**What is expected:** Look through the records below for the line with "(intro summable_iff_suminf_neq_top) auto" and the line with "by measurable", then return those lines and all lines between, exactly.

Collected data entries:
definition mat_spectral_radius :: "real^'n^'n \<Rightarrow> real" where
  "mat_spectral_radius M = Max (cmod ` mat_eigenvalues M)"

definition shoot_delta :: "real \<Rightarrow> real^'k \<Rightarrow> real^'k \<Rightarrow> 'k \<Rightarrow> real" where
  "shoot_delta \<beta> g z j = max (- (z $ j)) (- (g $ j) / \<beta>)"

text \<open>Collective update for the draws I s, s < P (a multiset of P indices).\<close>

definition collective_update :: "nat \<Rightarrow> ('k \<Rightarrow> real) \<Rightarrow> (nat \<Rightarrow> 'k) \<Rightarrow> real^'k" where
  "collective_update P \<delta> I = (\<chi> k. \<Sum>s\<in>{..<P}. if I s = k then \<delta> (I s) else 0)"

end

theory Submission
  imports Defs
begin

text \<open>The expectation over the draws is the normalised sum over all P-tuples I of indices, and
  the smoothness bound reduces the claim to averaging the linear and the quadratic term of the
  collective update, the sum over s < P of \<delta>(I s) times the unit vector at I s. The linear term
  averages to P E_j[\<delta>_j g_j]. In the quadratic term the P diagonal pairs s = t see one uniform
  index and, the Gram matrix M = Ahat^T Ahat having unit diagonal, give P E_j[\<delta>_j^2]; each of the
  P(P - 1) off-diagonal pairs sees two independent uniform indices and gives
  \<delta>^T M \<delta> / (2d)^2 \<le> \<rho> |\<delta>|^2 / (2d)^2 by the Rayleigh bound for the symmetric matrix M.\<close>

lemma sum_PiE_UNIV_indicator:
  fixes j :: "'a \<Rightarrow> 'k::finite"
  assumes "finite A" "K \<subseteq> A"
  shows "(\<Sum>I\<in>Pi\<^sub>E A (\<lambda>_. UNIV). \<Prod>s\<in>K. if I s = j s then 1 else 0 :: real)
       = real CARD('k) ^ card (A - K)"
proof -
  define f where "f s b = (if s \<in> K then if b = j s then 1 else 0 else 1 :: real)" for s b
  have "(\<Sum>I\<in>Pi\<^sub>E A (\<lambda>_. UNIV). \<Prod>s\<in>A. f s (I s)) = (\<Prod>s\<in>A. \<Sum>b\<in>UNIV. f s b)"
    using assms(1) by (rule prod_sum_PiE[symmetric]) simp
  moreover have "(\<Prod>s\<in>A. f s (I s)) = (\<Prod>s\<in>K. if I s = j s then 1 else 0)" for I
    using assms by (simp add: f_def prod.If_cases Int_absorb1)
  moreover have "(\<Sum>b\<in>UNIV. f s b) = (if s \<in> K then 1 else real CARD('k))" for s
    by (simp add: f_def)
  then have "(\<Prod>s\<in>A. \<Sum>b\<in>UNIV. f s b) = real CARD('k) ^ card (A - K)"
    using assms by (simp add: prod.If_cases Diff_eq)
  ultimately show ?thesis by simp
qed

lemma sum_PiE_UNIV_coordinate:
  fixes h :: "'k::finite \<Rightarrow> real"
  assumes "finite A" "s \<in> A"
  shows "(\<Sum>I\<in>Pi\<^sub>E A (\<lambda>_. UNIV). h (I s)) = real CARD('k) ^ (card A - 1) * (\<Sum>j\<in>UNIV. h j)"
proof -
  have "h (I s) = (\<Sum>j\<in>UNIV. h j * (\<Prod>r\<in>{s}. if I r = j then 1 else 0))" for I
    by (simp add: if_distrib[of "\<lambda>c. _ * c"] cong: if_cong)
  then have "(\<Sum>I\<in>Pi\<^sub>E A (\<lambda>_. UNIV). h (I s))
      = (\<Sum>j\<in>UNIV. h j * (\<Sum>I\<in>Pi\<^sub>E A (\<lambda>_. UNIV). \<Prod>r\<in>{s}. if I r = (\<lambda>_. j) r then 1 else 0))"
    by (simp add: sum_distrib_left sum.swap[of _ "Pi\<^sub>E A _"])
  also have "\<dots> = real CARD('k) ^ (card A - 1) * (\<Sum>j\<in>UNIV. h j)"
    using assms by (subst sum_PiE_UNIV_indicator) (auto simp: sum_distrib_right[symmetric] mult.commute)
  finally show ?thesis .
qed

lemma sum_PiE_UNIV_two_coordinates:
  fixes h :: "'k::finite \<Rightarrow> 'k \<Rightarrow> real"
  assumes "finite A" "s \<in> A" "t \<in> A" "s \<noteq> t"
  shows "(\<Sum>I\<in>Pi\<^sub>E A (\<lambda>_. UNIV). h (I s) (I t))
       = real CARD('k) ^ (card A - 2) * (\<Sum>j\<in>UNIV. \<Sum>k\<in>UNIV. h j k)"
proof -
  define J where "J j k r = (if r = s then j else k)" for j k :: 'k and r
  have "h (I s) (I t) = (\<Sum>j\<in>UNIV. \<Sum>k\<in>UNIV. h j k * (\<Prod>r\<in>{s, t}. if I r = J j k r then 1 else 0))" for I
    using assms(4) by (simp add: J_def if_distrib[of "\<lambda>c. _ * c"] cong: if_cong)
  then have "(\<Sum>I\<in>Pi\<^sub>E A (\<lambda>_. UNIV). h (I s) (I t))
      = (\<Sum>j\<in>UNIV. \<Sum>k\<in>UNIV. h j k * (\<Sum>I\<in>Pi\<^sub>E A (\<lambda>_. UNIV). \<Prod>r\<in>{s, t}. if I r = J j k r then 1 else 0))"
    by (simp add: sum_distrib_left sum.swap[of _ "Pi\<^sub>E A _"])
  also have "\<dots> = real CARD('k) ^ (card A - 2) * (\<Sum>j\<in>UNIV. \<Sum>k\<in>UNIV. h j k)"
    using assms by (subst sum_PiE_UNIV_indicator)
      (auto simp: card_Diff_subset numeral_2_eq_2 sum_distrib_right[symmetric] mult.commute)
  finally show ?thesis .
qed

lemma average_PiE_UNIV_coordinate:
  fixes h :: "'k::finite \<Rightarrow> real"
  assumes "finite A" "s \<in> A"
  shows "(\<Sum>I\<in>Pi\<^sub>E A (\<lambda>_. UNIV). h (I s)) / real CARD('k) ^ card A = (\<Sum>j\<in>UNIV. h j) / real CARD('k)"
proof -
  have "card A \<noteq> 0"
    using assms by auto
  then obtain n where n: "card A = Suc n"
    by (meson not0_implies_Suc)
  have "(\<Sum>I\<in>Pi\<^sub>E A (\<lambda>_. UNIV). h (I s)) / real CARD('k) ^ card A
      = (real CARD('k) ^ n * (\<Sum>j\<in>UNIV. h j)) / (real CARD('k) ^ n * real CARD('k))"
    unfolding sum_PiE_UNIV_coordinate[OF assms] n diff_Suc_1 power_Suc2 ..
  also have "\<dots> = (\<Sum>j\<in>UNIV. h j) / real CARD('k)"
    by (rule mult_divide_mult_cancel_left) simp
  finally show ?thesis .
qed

...

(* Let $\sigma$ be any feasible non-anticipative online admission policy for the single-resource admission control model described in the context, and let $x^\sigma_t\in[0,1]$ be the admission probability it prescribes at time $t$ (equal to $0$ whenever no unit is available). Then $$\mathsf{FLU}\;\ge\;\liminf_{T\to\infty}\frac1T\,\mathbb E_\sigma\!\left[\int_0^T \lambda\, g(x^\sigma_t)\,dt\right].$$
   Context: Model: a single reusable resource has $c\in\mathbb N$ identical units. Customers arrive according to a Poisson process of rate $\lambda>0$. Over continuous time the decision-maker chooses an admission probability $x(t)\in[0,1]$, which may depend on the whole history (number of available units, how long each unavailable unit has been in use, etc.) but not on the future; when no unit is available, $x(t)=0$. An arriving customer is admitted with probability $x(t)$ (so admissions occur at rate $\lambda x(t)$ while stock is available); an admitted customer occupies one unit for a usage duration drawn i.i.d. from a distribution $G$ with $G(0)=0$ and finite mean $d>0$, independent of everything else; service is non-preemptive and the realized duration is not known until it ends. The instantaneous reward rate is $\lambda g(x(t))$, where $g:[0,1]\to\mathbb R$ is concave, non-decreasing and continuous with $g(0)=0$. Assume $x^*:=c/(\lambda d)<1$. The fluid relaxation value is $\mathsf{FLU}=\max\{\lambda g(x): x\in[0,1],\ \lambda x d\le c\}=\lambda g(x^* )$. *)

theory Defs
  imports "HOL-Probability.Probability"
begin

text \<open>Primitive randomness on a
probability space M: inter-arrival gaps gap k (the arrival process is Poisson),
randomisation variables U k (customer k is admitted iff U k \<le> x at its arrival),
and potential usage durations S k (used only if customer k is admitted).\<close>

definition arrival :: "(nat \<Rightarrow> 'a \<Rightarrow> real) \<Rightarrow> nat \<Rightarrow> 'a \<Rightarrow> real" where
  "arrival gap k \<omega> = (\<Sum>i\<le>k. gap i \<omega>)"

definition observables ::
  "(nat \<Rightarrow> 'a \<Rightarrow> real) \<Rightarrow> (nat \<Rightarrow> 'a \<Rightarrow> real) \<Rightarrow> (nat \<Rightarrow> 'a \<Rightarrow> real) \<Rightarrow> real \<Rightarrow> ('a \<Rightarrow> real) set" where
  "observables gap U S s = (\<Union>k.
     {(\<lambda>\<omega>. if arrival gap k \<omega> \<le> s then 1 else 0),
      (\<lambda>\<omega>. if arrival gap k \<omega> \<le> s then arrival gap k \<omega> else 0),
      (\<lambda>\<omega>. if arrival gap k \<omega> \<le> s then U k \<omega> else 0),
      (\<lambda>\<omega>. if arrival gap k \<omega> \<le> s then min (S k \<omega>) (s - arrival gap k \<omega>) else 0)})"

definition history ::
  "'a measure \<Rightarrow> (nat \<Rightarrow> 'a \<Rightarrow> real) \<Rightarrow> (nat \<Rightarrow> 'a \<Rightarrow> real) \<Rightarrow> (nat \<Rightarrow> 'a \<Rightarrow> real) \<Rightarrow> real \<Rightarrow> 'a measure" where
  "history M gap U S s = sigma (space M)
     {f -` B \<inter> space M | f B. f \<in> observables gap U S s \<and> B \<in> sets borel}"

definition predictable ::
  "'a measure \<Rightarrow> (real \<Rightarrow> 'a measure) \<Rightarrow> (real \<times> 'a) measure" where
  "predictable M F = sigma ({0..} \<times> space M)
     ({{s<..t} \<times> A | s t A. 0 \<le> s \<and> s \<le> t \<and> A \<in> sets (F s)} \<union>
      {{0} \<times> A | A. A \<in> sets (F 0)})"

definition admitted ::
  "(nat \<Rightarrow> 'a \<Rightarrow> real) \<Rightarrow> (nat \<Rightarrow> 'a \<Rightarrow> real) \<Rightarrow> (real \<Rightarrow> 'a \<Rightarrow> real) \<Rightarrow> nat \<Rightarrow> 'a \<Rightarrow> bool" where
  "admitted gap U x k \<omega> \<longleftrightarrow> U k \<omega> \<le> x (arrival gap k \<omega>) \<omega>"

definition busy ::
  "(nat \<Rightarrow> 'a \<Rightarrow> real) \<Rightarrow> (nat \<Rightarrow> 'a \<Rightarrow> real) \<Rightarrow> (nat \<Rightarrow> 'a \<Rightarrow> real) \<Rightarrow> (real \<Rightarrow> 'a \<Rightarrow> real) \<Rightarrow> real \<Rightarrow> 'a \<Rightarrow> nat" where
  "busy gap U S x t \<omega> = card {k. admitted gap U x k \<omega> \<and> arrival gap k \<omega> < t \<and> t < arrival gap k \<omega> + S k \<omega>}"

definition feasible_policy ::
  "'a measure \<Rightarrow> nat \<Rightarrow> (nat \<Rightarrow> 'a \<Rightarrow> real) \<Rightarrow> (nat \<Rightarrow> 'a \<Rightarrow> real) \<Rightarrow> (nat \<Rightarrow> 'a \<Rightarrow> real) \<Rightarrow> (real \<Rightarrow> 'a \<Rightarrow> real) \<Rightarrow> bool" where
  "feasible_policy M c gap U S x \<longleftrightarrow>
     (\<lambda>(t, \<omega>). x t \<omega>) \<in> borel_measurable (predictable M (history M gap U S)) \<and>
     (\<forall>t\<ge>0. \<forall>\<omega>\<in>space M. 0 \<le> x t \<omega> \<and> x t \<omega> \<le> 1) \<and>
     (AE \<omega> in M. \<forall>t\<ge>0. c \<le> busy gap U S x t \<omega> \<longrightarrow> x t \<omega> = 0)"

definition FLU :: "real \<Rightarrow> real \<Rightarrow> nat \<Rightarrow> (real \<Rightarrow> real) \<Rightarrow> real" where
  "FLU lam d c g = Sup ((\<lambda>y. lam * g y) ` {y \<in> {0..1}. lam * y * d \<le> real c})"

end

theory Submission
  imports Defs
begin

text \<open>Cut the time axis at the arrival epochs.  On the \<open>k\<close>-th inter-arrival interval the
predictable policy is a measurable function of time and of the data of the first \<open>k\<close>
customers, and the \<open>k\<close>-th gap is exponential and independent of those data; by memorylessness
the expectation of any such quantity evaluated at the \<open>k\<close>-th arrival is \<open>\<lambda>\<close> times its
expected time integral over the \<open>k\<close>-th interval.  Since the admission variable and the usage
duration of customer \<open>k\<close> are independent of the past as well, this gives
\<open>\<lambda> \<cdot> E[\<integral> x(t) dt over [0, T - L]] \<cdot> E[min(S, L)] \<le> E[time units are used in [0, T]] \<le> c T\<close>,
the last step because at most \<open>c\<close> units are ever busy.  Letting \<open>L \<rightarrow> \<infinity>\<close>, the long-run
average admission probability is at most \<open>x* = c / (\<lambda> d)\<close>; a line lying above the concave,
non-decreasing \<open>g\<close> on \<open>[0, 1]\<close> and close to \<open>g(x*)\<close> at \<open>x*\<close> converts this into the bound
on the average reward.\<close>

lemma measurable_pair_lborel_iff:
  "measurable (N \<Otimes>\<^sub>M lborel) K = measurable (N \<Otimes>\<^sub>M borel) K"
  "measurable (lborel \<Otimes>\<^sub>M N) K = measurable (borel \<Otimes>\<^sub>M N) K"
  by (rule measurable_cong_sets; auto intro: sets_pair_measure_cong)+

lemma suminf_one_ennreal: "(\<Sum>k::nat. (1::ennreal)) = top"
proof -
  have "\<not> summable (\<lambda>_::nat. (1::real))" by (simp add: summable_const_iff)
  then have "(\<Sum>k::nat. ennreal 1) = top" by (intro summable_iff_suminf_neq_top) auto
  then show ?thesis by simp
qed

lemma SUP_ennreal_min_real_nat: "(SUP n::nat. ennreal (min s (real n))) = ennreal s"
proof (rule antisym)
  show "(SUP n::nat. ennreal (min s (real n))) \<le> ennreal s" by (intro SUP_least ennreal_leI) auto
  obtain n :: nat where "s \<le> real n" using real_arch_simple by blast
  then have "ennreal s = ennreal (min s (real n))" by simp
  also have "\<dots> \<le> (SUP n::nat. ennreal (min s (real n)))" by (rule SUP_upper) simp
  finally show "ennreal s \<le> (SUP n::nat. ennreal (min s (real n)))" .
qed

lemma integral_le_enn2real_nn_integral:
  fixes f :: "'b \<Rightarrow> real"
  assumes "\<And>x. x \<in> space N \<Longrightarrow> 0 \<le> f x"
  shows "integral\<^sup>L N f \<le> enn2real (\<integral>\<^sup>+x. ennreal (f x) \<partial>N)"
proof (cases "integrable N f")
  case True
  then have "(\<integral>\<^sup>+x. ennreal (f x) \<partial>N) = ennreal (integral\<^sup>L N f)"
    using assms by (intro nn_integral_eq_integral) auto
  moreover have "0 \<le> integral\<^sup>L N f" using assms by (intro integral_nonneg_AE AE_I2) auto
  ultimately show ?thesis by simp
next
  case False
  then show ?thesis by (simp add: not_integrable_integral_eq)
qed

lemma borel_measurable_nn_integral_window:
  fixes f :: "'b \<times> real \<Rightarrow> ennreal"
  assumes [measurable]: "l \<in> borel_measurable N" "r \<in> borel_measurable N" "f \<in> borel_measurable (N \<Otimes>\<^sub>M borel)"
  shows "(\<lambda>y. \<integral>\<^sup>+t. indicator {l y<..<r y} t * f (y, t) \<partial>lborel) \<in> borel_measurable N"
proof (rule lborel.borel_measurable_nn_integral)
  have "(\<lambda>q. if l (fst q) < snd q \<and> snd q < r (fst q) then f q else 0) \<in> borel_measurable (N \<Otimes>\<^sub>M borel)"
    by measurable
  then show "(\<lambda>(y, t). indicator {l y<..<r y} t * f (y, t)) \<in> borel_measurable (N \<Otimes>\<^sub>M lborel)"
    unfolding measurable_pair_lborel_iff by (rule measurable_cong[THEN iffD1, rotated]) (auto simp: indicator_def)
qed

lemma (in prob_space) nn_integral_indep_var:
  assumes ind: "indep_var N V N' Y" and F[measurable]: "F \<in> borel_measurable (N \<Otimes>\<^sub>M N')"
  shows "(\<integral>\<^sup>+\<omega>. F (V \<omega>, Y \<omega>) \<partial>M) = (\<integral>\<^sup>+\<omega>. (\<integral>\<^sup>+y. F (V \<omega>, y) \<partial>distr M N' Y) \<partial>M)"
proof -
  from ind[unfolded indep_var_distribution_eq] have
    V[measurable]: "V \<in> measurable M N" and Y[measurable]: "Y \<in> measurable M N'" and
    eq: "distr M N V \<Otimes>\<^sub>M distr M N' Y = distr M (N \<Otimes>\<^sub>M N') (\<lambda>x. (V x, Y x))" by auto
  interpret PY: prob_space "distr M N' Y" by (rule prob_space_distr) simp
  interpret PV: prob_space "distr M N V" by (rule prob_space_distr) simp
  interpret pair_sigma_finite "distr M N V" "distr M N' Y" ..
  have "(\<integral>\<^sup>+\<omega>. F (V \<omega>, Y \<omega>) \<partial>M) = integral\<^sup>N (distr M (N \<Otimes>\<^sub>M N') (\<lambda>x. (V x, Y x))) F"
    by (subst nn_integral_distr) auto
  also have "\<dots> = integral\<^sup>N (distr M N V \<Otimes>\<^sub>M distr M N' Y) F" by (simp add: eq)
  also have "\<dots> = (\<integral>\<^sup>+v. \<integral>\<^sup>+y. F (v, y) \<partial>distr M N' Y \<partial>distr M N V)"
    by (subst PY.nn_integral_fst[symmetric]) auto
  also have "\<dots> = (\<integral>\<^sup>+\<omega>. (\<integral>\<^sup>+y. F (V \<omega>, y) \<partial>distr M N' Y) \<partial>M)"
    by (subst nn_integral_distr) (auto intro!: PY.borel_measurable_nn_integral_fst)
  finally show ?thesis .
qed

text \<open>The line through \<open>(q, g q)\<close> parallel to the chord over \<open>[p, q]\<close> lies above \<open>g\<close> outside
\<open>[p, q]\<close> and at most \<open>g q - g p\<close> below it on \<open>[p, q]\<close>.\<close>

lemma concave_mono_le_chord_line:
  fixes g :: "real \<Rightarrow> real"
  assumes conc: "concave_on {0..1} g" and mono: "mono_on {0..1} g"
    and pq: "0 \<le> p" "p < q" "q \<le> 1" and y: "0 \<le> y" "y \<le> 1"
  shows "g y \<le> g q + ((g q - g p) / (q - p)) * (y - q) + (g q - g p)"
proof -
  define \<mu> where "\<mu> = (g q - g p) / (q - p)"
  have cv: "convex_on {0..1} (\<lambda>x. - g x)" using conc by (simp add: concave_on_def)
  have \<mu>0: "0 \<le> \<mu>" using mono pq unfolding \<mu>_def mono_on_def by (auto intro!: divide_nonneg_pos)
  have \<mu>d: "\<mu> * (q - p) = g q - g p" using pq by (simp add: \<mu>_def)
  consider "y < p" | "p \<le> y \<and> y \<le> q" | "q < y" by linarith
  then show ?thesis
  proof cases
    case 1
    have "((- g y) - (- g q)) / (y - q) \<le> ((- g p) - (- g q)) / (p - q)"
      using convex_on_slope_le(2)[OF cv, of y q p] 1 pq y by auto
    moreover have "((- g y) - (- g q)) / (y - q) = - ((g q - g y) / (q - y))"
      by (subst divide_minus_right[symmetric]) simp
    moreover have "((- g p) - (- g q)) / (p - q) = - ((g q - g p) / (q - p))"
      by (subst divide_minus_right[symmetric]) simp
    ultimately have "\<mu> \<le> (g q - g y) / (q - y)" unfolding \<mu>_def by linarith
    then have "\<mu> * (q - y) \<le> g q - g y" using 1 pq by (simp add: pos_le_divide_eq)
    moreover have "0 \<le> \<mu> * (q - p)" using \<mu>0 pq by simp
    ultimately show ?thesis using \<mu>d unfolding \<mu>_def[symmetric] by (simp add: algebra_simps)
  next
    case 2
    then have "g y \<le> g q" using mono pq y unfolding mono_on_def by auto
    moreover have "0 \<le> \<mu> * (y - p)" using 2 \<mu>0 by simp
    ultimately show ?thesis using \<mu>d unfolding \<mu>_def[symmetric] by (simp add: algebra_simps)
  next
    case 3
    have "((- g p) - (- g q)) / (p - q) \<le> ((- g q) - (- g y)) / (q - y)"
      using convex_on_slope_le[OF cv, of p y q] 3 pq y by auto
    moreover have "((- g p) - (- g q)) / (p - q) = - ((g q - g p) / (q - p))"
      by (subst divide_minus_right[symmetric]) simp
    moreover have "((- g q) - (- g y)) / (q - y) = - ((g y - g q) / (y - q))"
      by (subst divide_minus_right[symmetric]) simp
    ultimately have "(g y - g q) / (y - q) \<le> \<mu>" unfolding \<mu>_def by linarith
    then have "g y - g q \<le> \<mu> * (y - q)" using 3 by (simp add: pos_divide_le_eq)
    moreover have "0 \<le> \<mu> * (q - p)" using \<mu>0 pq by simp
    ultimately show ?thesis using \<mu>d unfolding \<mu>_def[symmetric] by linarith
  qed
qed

* * *

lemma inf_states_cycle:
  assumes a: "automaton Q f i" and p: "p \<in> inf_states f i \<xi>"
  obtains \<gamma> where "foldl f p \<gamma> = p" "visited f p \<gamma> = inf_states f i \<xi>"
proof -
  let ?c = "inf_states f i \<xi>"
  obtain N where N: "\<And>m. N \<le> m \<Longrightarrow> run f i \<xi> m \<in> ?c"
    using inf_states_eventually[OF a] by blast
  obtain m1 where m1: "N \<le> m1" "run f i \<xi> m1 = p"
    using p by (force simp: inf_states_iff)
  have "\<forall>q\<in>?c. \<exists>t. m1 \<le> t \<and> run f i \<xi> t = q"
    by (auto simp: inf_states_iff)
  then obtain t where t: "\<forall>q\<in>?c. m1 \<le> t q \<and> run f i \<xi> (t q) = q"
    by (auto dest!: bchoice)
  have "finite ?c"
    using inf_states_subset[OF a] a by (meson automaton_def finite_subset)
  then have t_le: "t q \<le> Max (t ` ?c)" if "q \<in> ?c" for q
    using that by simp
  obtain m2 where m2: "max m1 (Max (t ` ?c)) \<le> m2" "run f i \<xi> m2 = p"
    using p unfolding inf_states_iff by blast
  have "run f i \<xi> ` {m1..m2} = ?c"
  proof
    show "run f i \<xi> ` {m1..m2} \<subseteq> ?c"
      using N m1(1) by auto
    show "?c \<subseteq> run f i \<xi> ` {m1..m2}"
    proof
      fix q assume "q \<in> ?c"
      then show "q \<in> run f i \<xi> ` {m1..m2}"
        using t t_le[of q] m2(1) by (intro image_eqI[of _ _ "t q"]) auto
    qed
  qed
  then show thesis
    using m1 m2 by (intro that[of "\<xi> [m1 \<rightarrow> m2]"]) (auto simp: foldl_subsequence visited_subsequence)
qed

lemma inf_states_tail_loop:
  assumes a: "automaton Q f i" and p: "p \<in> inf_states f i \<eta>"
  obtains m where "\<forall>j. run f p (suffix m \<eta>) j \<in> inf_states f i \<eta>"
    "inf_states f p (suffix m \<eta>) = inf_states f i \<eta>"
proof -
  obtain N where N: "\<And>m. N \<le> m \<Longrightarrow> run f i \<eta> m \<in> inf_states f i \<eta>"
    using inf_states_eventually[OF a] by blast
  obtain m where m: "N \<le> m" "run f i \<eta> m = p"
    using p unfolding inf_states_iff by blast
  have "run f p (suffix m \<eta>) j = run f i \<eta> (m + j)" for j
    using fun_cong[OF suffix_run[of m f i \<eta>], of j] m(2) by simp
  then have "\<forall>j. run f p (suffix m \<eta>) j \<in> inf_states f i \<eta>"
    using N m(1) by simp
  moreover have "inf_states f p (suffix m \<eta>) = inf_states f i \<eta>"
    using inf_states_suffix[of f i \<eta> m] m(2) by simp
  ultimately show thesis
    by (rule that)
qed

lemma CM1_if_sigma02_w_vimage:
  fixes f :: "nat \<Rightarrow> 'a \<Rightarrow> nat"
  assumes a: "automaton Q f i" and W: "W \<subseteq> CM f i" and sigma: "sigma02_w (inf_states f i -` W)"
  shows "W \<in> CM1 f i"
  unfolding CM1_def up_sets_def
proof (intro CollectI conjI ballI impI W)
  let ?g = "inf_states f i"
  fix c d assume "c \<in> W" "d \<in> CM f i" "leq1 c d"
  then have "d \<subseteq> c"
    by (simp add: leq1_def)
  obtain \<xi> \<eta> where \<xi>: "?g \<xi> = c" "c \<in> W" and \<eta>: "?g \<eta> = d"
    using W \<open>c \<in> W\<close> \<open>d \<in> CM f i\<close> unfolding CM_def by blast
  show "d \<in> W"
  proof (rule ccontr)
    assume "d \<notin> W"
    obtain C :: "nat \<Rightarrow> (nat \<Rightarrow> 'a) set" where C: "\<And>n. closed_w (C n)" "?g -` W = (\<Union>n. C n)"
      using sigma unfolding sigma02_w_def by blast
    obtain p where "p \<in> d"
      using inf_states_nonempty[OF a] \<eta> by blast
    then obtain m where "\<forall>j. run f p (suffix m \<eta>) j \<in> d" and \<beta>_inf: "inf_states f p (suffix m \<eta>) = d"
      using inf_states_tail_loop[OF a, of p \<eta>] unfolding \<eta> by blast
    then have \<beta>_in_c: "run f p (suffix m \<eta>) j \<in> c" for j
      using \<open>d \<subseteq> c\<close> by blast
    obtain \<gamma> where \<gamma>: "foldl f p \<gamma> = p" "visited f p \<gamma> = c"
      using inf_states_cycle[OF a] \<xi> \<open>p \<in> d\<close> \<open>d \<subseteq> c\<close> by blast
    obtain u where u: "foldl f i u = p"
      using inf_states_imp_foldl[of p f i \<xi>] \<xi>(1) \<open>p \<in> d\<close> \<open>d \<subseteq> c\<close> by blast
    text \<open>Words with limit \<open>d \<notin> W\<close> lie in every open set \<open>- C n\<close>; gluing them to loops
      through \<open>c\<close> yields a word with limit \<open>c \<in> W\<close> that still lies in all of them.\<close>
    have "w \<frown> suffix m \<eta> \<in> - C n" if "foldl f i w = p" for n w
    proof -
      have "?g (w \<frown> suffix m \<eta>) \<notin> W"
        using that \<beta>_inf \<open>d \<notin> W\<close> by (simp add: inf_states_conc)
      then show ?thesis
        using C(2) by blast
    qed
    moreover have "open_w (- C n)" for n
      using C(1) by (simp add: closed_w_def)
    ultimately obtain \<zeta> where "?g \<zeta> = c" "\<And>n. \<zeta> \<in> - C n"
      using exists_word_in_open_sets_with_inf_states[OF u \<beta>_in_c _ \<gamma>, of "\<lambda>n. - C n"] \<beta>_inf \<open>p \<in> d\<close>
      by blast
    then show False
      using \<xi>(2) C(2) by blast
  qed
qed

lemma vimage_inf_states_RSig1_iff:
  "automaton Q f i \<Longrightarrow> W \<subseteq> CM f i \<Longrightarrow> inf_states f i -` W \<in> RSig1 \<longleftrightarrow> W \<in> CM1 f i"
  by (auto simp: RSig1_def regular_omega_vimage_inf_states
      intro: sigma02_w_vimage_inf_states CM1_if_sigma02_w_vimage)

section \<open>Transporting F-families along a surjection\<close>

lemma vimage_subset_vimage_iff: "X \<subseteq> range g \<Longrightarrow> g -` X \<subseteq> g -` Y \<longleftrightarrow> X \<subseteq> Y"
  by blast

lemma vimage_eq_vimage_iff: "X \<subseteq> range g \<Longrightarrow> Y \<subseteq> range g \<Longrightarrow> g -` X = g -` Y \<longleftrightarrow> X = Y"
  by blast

**Exercise answer:**
  then have "(\<Sum>k::nat. ennreal 1) = top" by (intro summable_iff_suminf_neq_top) auto
  then show ?thesis by simp
qed

lemma SUP_ennreal_min_real_nat: "(SUP n::nat. ennreal (min s (real n))) = ennreal s"
proof (rule antisym)
  show "(SUP n::nat. ennreal (min s (real n))) \<le> ennreal s" by (intro SUP_least ennreal_leI) auto
  obtain n :: nat where "s \<le> real n" using real_arch_simple by blast
  then have "ennreal s = ennreal (min s (real n))" by simp
  also have "\<dots> \<le> (SUP n::nat. ennreal (min s (real n)))" by (rule SUP_upper) simp
  finally show "ennreal s \<le> (SUP n::nat. ennreal (min s (real n)))" .
qed

lemma integral_le_enn2real_nn_integral:
  fixes f :: "'b \<Rightarrow> real"
  assumes "\<And>x. x \<in> space N \<Longrightarrow> 0 \<le> f x"
  shows "integral\<^sup>L N f \<le> enn2real (\<integral>\<^sup>+x. ennreal (f x) \<partial>N)"
proof (cases "integrable N f")
  case True
  then have "(\<integral>\<^sup>+x. ennreal (f x) \<partial>N) = ennreal (integral\<^sup>L N f)"
    using assms by (intro nn_integral_eq_integral) auto
  moreover have "0 \<le> integral\<^sup>L N f" using assms by (intro integral_nonneg_AE AE_I2) auto
  ultimately show ?thesis by simp
next
  case False
  then show ?thesis by (simp add: not_integrable_integral_eq)
qed

lemma borel_measurable_nn_integral_window:
  fixes f :: "'b \<times> real \<Rightarrow> ennreal"
  assumes [measurable]: "l \<in> borel_measurable N" "r \<in> borel_measurable N" "f \<in> borel_measurable (N \<Otimes>\<^sub>M borel)"
  shows "(\<lambda>y. \<integral>\<^sup>+t. indicator {l y<..<r y} t * f (y, t) \<partial>lborel) \<in> borel_measurable N"
proof (rule lborel.borel_measurable_nn_integral)
  have "(\<lambda>q. if l (fst q) < snd q \<and> snd q < r (fst q) then f q else 0) \<in> borel_measurable (N \<Otimes>\<^sub>M borel)"
    by measurable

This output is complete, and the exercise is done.